-- ABOUT THIS TASK --
Copy, in full, each line of the material that holds the word "moreover".
####
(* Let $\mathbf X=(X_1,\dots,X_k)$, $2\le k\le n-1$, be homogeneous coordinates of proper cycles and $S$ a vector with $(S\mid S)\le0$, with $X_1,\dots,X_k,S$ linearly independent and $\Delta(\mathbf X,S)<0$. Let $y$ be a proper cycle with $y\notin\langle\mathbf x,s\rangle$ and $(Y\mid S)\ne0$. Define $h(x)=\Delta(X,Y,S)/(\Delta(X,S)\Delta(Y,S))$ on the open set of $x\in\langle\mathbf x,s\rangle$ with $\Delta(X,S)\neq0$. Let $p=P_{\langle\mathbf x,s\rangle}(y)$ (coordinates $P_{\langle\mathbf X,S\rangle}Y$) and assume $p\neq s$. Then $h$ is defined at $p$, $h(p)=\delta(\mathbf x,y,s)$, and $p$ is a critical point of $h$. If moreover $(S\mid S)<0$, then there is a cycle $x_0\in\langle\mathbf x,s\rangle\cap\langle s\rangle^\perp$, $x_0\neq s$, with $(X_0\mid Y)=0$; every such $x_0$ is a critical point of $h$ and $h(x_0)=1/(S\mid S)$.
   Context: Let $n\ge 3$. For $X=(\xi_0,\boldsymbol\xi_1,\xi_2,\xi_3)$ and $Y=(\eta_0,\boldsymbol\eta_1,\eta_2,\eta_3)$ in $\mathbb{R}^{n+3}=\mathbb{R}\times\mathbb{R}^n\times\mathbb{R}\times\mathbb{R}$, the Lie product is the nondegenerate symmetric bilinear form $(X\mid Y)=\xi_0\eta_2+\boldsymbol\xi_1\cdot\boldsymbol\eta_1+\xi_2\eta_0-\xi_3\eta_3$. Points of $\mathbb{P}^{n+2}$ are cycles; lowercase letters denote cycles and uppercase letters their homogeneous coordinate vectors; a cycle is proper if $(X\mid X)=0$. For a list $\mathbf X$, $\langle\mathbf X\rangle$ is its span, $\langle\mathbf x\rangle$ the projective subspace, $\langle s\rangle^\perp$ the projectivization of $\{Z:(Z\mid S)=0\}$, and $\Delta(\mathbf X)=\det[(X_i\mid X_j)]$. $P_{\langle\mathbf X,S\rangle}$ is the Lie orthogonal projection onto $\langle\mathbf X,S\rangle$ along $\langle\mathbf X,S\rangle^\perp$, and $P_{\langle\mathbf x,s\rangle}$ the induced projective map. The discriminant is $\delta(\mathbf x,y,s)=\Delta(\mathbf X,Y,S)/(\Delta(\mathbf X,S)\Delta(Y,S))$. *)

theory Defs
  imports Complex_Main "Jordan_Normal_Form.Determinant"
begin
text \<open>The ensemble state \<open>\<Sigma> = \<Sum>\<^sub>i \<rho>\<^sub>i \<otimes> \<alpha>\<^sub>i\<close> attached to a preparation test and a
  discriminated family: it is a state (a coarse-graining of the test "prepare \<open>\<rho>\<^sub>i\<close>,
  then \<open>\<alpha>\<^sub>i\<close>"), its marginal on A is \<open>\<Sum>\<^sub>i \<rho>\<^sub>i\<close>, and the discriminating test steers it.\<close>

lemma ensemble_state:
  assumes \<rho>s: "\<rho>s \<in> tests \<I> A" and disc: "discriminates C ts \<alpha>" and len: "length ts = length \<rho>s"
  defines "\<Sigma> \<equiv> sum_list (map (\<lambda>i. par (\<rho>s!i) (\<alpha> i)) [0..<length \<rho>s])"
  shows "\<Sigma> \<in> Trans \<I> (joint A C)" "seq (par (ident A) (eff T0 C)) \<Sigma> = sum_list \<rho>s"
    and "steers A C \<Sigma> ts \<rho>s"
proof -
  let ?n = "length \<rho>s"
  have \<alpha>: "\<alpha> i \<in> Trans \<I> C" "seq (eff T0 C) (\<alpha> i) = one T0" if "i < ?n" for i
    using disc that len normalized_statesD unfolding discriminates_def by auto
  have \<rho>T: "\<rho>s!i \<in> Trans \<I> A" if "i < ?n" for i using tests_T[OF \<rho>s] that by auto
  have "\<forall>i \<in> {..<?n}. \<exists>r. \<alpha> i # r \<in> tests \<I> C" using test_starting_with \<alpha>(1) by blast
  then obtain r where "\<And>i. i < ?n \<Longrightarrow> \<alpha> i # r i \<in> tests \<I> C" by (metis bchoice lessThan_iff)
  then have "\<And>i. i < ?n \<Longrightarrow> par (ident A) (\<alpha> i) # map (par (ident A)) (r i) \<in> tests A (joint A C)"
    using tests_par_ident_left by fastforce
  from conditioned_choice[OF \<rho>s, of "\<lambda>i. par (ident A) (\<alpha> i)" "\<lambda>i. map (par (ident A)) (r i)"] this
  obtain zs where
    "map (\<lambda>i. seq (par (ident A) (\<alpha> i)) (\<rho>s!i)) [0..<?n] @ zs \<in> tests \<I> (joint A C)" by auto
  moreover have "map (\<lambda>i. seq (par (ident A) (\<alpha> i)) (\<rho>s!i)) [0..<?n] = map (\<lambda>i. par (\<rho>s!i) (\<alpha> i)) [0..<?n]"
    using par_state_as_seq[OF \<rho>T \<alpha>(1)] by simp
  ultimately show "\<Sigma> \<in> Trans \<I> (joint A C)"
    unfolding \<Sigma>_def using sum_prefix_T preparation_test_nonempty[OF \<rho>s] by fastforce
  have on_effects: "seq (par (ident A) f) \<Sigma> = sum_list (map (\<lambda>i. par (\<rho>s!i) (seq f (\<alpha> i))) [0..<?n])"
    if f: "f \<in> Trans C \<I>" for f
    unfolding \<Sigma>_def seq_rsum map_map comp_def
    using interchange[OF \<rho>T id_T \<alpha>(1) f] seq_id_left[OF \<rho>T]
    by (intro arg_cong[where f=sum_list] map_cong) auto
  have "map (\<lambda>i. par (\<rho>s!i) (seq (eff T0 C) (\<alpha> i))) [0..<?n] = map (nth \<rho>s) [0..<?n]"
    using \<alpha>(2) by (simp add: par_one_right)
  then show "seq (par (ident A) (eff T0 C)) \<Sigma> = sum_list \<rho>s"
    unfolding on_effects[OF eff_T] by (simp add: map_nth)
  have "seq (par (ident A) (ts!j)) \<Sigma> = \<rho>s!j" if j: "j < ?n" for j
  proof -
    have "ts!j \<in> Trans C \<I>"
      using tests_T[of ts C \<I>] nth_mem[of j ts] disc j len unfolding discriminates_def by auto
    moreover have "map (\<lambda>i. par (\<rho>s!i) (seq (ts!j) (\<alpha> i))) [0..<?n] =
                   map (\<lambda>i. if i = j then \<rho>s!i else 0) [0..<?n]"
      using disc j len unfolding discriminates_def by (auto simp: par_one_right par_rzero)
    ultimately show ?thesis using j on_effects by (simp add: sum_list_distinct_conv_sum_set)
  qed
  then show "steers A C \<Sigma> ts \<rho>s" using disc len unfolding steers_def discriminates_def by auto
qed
####
-- RESPONSE AREA --
(* Let $\mathbf X=(X_1,\dots,X_k)$, $2\le k\le n-1$, be homogeneous coordinates of proper cycles and $S$ a vector with $(S\mid S)\le0$, with $X_1,\dots,X_k,S$ linearly independent and $\Delta(\mathbf X,S)<0$. Let $y$ be a proper cycle with $y\notin\langle\mathbf x,s\rangle$ and $(Y\mid S)\ne0$. Define $h(x)=\Delta(X,Y,S)/(\Delta(X,S)\Delta(Y,S))$ on the open set of $x\in\langle\mathbf x,s\rangle$ with $\Delta(X,S)\neq0$. Let $p=P_{\langle\mathbf x,s\rangle}(y)$ (coordinates $P_{\langle\mathbf X,S\rangle}Y$) and assume $p\neq s$. Then $h$ is defined at $p$, $h(p)=\delta(\mathbf x,y,s)$, and $p$ is a critical point of $h$. If moreover $(S\mid S)<0$, then there is a cycle $x_0\in\langle\mathbf x,s\rangle\cap\langle s\rangle^\perp$, $x_0\neq s$, with $(X_0\mid Y)=0$; every such $x_0$ is a critical point of $h$ and $h(x_0)=1/(S\mid S)$.
  moreover have "map (\<lambda>i. seq (par (ident A) (\<alpha> i)) (\<rho>s!i)) [0..<?n] = map (\<lambda>i. par (\<rho>s!i) (\<alpha> i)) [0..<?n]"
    moreover have "map (\<lambda>i. par (\<rho>s!i) (seq (ts!j) (\<alpha> i))) [0..<?n] =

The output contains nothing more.